## EXERCISE INPUT
* * *
(* Let $k$ be an algebraically closed field of characteristic $p>2$, let $X$ be the smooth projective curve over $k$ with affine equation $y^2=x^p-x$, and $g=(p-1)/2$. Let $P_0=(0,0)$, let $P_\infty$ be the point at infinity, and let $\mathcal{U}=\{U_1,U_2\}$ with $U_1=X-P_0$, $U_2=X-P_\infty$. For $i=0,\dots,g-1$ let $\tau_i$ be the class of $(x^iy^{-1}dx,\;x^iy^{-1}dx,\;0)$ in $\check{H}^1_{dR}(\mathcal{U})$, and for $i=1,\dots,g$ let $\eta_i$ be the class of $$\big((1-2i)x^{1-g-i}\,d(yx^{-g-1}),\;-2ix^{2g-i}\,dy,\;yx^{-i}\big)$$ in $\check{H}^1_{dR}(\mathcal{U})$. Then these are well-defined elements, and $\{\tau_0,\dots,\tau_{g-1},\eta_1,\dots,\eta_g\}$ is a $k$-basis of $\check{H}^1_{dR}(\mathcal{U})$.
   Context: $\check{H}^1_{dR}(\mathcal{U})$ (the Čech de Rham hypercohomology for the cover $\mathcal{U}$, canonically isomorphic to $H^1_{dR}(X/k)$) is the quotient of the $k$-vector space of triples $(\omega_1,\omega_2,f_{12})$ with $\omega_j\in\Omega^1_{X/k}(U_j)$, $f_{12}\in\mathcal{O}_X(U_1\cap U_2)$ and $df_{12}=\omega_1-\omega_2$, by the subspace of triples $(df_1,df_2,f_1-f_2)$ with $f_j\in\mathcal{O}_X(U_j)$. *)

theory Defs
  imports "HOL-Computational_Algebra.Computational_Algebra" "HOL-Library.Product_Plus"
begin

text \<open>The function field K = k(x)(y) is
  modelled as pairs (a,b) standing for a + b*y (K is a degree-2 extension of k(x)).
  Meromorphic 1-forms on X are h dx with h in K (dx is a K-basis of Omega_K);
  a 1-form is represented by its dx-coefficient h.\<close>

type_synonym 'k rat = "'k poly fract"
type_synonym 'k fn = "'k rat \<times> 'k rat"

definition fx :: "'k::field rat" where "fx = Fract [:0,1:] 1"


text \<open>F = x^p - x, so y^2 = F.\<close>
definition fF :: "'k::field rat" where "fF = fx ^ CHAR('k) - fx"

definition fconst :: "'k::field \<Rightarrow> 'k rat" where "fconst c = Fract [:c:] 1"

definition fderiv :: "'k::field rat \<Rightarrow> 'k rat" where
  "fderiv r = (THE d. \<forall>p q. q \<noteq> 0 \<longrightarrow> r = Fract p q \<longrightarrow>
       d = Fract (pderiv p * q - p * pderiv q) (q * q))"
* * *
Return the records above verbatim, in their entirety.

(* Let $k$ be an algebraically closed field of characteristic $p>2$, let $X$ be the smooth projective curve over $k$ with affine equation $y^2=x^p-x$, and $g=(p-1)/2$. Let $P_0=(0,0)$, let $P_\infty$ be the point at infinity, and let $\mathcal{U}=\{U_1,U_2\}$ with $U_1=X-P_0$, $U_2=X-P_\infty$. For $i=0,\dots,g-1$ let $\tau_i$ be the class of $(x^iy^{-1}dx,\;x^iy^{-1}dx,\;0)$ in $\check{H}^1_{dR}(\mathcal{U})$, and for $i=1,\dots,g$ let $\eta_i$ be the class of $$\big((1-2i)x^{1-g-i}\,d(yx^{-g-1}),\;-2ix^{2g-i}\,dy,\;yx^{-i}\big)$$ in $\check{H}^1_{dR}(\mathcal{U})$. Then these are well-defined elements, and $\{\tau_0,\dots,\tau_{g-1},\eta_1,\dots,\eta_g\}$ is a $k$-basis of $\check{H}^1_{dR}(\mathcal{U})$.
   Context: $\check{H}^1_{dR}(\mathcal{U})$ (the Čech de Rham hypercohomology for the cover $\mathcal{U}$, canonically isomorphic to $H^1_{dR}(X/k)$) is the quotient of the $k$-vector space of triples $(\omega_1,\omega_2,f_{12})$ with $\omega_j\in\Omega^1_{X/k}(U_j)$, $f_{12}\in\mathcal{O}_X(U_1\cap U_2)$ and $df_{12}=\omega_1-\omega_2$, by the subspace of triples $(df_1,df_2,f_1-f_2)$ with $f_j\in\mathcal{O}_X(U_j)$. *)

theory Defs
  imports "HOL-Computational_Algebra.Computational_Algebra" "HOL-Library.Product_Plus"
begin

text \<open>The function field K = k(x)(y) is
  modelled as pairs (a,b) standing for a + b*y (K is a degree-2 extension of k(x)).
  Meromorphic 1-forms on X are h dx with h in K (dx is a K-basis of Omega_K);
  a 1-form is represented by its dx-coefficient h.\<close>

type_synonym 'k rat = "'k poly fract"
type_synonym 'k fn = "'k rat \<times> 'k rat"

definition fx :: "'k::field rat" where "fx = Fract [:0,1:] 1"


text \<open>F = x^p - x, so y^2 = F.\<close>
definition fF :: "'k::field rat" where "fF = fx ^ CHAR('k) - fx"

definition fconst :: "'k::field \<Rightarrow> 'k rat" where "fconst c = Fract [:c:] 1"

definition fderiv :: "'k::field rat \<Rightarrow> 'k rat" where
  "fderiv r = (THE d. \<forall>p q. q \<noteq> 0 \<longrightarrow> r = Fract p q \<longrightarrow>
       d = Fract (pderiv p * q - p * pderiv q) (q * q))"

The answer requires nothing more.